>>>

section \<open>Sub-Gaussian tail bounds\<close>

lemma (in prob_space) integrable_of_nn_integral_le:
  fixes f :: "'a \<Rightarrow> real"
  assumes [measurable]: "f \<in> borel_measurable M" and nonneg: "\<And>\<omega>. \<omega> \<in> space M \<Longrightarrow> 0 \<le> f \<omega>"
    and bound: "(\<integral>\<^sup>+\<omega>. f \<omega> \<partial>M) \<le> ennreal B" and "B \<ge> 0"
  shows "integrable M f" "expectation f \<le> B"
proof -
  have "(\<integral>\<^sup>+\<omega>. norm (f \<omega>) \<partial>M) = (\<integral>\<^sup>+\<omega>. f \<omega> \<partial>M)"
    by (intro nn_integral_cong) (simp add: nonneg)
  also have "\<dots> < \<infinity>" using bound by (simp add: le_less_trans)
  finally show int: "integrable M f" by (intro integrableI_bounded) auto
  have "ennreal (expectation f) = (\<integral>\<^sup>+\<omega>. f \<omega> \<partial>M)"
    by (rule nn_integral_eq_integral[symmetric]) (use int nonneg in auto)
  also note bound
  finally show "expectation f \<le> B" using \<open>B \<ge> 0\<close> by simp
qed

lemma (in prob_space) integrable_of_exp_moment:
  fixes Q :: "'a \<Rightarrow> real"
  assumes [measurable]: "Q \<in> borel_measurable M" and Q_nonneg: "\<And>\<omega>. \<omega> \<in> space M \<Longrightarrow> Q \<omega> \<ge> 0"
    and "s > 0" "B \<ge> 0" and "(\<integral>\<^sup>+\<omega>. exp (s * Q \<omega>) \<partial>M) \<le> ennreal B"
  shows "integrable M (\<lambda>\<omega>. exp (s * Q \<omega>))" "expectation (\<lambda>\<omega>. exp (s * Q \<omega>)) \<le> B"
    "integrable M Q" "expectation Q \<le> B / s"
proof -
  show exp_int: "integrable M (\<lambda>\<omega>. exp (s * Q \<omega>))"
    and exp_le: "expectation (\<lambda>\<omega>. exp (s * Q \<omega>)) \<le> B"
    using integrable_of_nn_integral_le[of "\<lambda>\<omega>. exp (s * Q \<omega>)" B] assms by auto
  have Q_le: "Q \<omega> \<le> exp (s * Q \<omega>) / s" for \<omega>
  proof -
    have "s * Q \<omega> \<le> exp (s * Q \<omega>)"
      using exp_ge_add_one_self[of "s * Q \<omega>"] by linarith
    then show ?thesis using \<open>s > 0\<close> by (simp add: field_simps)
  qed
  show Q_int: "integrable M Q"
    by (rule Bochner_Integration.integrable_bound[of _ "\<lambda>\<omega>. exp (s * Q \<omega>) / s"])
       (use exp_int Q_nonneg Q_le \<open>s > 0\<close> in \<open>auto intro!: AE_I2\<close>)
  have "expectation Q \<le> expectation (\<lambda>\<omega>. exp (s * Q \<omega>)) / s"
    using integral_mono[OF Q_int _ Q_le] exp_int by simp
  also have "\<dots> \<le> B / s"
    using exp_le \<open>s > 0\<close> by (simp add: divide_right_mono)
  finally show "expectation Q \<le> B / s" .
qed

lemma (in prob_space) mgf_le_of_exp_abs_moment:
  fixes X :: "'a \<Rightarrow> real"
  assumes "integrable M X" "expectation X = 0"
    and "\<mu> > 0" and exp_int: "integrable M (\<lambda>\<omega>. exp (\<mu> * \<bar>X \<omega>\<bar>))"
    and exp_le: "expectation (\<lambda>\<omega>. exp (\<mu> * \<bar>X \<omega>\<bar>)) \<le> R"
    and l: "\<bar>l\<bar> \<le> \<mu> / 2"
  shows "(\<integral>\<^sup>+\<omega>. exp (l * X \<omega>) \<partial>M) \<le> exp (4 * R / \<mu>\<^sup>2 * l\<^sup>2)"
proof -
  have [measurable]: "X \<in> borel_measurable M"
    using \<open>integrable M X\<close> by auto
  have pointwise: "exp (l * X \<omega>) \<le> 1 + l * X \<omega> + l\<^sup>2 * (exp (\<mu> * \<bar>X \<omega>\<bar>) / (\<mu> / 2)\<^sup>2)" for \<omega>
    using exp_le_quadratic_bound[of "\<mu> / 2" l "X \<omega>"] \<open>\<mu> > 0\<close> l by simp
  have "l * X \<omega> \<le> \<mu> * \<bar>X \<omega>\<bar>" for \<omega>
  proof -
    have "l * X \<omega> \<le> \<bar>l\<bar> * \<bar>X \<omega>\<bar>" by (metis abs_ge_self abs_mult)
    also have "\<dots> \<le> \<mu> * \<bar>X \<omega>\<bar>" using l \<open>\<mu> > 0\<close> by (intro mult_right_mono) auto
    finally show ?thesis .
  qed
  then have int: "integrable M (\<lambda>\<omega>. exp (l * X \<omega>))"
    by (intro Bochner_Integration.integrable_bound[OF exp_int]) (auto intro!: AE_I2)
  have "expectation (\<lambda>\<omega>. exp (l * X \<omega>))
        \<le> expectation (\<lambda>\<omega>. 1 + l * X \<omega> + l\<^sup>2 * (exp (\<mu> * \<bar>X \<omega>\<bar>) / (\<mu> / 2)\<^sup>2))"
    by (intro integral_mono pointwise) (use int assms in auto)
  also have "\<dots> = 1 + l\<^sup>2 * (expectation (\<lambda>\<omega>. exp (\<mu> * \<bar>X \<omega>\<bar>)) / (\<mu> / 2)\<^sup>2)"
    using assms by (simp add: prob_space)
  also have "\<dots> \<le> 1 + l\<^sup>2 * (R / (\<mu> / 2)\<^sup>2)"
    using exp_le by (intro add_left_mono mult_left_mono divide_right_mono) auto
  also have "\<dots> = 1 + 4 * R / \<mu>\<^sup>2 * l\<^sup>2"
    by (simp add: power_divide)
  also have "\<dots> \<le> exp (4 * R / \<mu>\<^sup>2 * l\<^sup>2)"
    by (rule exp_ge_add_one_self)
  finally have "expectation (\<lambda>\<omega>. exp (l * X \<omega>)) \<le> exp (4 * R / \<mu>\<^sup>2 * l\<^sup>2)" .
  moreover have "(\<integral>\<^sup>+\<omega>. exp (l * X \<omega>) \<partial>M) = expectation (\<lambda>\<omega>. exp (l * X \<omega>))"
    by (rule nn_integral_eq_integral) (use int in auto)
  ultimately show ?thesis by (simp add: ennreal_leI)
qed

<<<
>>>

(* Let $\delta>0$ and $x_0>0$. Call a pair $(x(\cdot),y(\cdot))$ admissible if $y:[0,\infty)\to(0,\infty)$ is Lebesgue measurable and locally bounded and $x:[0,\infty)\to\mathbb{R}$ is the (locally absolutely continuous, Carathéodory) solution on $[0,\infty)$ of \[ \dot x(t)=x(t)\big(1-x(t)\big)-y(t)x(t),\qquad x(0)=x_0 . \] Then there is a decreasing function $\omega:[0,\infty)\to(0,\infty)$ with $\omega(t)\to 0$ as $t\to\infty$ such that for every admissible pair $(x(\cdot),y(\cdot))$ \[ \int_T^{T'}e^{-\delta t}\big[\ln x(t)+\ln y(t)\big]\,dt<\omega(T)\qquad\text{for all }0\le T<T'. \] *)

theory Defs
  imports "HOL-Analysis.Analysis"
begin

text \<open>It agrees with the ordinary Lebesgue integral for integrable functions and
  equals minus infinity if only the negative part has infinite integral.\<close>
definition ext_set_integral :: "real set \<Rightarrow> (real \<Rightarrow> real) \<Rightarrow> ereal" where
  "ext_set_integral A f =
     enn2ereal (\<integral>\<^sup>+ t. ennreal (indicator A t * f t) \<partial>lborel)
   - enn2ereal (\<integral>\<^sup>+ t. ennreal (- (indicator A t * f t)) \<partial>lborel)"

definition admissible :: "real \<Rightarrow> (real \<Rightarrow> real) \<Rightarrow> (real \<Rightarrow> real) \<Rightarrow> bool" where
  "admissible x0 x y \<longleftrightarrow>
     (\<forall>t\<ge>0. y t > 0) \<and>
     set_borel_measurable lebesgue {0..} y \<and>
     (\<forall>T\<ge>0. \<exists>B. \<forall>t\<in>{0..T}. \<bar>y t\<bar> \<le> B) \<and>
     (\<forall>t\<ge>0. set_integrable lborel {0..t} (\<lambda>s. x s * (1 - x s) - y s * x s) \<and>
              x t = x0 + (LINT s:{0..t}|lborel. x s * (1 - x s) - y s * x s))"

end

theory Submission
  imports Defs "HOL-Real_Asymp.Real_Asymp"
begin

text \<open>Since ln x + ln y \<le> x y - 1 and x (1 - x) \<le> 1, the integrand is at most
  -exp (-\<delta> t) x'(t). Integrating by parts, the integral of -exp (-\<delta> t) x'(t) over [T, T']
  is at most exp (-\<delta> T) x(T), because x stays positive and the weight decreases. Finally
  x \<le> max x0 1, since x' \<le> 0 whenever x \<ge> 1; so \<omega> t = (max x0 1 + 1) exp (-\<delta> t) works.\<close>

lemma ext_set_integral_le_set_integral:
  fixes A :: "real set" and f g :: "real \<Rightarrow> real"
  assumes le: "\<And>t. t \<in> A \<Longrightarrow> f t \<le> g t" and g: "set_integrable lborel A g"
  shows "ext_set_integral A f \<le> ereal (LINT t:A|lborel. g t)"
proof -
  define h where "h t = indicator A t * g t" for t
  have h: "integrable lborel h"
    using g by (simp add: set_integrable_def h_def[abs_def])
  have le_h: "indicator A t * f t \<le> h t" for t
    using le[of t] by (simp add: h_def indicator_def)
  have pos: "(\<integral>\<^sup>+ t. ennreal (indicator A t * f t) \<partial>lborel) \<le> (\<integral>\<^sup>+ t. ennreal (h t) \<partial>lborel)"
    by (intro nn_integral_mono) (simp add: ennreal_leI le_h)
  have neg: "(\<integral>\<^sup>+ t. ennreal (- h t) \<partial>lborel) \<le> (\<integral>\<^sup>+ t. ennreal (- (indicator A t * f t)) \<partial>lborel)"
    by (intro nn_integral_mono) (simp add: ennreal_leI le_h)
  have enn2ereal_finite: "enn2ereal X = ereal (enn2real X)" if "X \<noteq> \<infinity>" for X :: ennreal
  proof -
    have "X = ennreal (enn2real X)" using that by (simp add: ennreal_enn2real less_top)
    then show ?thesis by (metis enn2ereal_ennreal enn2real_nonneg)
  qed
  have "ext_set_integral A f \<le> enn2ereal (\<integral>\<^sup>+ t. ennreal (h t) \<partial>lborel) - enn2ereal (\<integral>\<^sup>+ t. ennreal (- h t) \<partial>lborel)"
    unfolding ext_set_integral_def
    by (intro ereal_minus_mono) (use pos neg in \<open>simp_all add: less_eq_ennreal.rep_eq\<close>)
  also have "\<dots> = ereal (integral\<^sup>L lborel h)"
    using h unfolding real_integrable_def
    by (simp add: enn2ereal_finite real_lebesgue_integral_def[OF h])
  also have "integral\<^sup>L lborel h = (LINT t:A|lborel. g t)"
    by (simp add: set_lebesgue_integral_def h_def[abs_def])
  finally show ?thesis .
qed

<<<
>>>

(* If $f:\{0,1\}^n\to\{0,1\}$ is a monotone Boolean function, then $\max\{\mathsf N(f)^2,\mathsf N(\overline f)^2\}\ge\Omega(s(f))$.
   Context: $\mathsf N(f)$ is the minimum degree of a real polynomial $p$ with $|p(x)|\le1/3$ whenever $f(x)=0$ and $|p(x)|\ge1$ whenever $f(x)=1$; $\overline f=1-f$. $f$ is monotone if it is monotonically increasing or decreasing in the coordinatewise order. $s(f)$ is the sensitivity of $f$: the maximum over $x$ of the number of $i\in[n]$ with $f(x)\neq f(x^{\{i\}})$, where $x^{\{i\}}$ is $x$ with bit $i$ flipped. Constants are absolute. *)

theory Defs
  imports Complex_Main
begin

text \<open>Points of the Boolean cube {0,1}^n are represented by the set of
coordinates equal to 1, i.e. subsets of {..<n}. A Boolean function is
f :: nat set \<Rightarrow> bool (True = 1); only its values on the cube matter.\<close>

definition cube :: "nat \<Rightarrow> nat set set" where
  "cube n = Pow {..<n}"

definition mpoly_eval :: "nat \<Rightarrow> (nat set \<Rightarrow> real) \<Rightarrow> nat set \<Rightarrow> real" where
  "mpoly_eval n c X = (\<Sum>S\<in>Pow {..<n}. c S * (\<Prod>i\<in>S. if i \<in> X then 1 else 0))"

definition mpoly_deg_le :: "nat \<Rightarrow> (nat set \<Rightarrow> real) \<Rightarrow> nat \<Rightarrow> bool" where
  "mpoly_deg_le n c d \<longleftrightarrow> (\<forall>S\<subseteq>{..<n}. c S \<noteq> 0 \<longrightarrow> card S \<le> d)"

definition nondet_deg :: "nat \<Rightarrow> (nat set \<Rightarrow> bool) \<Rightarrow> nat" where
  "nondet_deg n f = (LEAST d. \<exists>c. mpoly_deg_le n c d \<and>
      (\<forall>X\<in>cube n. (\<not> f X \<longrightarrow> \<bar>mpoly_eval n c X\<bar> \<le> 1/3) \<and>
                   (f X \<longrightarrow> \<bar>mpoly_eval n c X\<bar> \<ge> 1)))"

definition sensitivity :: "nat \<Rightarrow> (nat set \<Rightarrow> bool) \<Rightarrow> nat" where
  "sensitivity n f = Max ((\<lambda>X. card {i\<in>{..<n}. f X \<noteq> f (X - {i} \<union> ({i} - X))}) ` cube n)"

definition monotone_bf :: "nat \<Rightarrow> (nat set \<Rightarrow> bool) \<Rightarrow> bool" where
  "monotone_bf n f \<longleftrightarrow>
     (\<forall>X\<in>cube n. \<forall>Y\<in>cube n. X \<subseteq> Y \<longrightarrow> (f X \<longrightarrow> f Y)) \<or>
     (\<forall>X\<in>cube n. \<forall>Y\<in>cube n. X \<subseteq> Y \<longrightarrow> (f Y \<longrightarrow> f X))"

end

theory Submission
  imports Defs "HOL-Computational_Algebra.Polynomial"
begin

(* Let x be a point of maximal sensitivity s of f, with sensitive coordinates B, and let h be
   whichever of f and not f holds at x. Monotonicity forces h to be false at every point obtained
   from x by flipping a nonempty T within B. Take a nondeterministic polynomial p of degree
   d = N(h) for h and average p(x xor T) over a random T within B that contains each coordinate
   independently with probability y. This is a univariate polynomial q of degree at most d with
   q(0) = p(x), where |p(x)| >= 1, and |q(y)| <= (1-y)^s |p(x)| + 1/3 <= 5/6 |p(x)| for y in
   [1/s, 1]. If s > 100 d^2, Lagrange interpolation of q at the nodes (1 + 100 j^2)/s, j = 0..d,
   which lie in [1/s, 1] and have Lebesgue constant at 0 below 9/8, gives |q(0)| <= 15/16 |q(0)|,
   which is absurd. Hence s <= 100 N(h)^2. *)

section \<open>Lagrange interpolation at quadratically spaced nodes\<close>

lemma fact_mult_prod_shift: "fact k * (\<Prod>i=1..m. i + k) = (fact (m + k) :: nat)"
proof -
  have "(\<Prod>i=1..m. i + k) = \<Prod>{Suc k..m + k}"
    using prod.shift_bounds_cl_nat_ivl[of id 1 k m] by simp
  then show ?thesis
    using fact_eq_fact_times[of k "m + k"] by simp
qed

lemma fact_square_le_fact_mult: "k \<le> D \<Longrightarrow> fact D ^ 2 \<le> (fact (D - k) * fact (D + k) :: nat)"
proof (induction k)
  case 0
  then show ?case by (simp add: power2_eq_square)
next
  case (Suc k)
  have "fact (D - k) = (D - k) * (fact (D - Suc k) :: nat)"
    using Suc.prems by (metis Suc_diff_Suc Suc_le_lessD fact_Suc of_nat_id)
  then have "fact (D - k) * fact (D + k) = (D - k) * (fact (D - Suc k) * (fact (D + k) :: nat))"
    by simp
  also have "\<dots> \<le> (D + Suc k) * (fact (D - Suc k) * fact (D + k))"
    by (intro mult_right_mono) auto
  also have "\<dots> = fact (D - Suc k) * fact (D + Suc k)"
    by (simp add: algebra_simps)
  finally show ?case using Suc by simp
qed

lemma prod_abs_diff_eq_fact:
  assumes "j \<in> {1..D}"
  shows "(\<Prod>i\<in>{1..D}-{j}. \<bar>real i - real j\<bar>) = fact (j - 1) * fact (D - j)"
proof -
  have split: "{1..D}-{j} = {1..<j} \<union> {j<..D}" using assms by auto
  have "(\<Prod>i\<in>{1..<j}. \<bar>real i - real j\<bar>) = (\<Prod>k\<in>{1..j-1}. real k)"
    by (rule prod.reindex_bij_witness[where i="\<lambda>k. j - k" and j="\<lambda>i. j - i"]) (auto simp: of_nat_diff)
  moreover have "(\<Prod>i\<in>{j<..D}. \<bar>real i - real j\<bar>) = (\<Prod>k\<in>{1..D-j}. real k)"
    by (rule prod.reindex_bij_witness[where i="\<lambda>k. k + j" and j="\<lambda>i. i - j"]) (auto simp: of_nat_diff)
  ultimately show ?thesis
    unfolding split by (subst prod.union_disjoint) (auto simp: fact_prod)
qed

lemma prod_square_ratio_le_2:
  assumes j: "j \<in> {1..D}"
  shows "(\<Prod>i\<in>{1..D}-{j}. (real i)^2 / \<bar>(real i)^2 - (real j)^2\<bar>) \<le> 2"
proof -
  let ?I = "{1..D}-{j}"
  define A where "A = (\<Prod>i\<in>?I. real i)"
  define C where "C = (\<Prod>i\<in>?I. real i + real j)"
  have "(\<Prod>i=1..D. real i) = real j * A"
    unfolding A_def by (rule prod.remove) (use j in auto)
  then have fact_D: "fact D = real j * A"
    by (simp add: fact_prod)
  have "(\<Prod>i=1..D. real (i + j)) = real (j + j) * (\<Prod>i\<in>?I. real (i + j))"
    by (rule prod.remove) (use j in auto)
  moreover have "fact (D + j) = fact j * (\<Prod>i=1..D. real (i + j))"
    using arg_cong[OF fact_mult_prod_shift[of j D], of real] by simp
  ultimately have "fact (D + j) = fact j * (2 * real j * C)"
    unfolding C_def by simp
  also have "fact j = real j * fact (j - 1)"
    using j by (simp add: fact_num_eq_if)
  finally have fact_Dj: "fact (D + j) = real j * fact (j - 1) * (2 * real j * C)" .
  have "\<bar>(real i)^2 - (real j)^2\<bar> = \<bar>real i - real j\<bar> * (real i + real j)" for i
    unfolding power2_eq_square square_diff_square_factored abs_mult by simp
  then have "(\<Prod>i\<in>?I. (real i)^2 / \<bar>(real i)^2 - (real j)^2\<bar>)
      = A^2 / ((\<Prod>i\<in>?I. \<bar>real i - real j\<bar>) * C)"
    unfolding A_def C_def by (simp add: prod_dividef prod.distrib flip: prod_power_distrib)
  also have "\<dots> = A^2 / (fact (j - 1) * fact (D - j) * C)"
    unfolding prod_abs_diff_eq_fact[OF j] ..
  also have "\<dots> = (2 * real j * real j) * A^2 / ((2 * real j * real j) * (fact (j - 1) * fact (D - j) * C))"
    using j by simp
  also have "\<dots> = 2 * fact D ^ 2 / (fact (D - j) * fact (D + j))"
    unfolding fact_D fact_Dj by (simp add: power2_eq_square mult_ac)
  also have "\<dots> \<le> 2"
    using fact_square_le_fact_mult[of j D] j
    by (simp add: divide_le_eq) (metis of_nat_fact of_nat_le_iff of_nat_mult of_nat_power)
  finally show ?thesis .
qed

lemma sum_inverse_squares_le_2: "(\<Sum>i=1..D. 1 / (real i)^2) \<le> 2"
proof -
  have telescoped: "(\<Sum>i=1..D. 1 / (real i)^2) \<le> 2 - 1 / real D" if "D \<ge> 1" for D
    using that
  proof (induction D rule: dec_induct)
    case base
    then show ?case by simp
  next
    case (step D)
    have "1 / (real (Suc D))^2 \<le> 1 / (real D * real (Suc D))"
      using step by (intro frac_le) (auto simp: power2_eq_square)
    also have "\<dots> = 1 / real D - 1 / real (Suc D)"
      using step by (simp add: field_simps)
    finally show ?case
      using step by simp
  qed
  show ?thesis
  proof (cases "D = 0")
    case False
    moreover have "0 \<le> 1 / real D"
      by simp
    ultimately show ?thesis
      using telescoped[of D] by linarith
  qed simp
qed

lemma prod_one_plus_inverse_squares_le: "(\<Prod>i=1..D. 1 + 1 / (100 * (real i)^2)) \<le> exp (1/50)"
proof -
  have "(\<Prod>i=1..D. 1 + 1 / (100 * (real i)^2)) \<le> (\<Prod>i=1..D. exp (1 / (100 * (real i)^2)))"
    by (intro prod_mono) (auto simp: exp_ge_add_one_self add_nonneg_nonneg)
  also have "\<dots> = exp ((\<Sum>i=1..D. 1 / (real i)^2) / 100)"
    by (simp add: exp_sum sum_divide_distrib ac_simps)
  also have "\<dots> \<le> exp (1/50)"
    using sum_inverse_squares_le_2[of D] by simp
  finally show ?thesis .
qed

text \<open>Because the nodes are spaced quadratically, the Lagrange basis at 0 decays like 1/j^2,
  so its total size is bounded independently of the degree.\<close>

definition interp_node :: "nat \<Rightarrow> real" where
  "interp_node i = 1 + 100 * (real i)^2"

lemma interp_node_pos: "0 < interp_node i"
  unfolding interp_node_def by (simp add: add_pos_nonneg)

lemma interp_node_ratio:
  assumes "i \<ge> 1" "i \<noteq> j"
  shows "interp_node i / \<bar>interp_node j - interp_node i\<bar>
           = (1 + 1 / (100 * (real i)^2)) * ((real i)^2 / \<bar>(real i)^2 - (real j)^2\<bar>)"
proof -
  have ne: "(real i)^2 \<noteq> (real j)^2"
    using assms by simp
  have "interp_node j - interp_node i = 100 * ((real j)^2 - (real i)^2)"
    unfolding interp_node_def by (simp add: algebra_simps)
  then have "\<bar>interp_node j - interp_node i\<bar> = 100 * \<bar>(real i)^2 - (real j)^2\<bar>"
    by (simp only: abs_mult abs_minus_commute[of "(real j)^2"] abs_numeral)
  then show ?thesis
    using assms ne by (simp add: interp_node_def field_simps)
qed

<<<

**Your instructions**
Write out every line from the data above that includes "longleftrightarrow".

**Expected output**
  "admissible x0 x y \<longleftrightarrow>
  "mpoly_deg_le n c d \<longleftrightarrow> (\<forall>S\<subseteq>{..<n}. c S \<noteq> 0 \<longrightarrow> card S \<le> d)"
  "monotone_bf n f \<longleftrightarrow>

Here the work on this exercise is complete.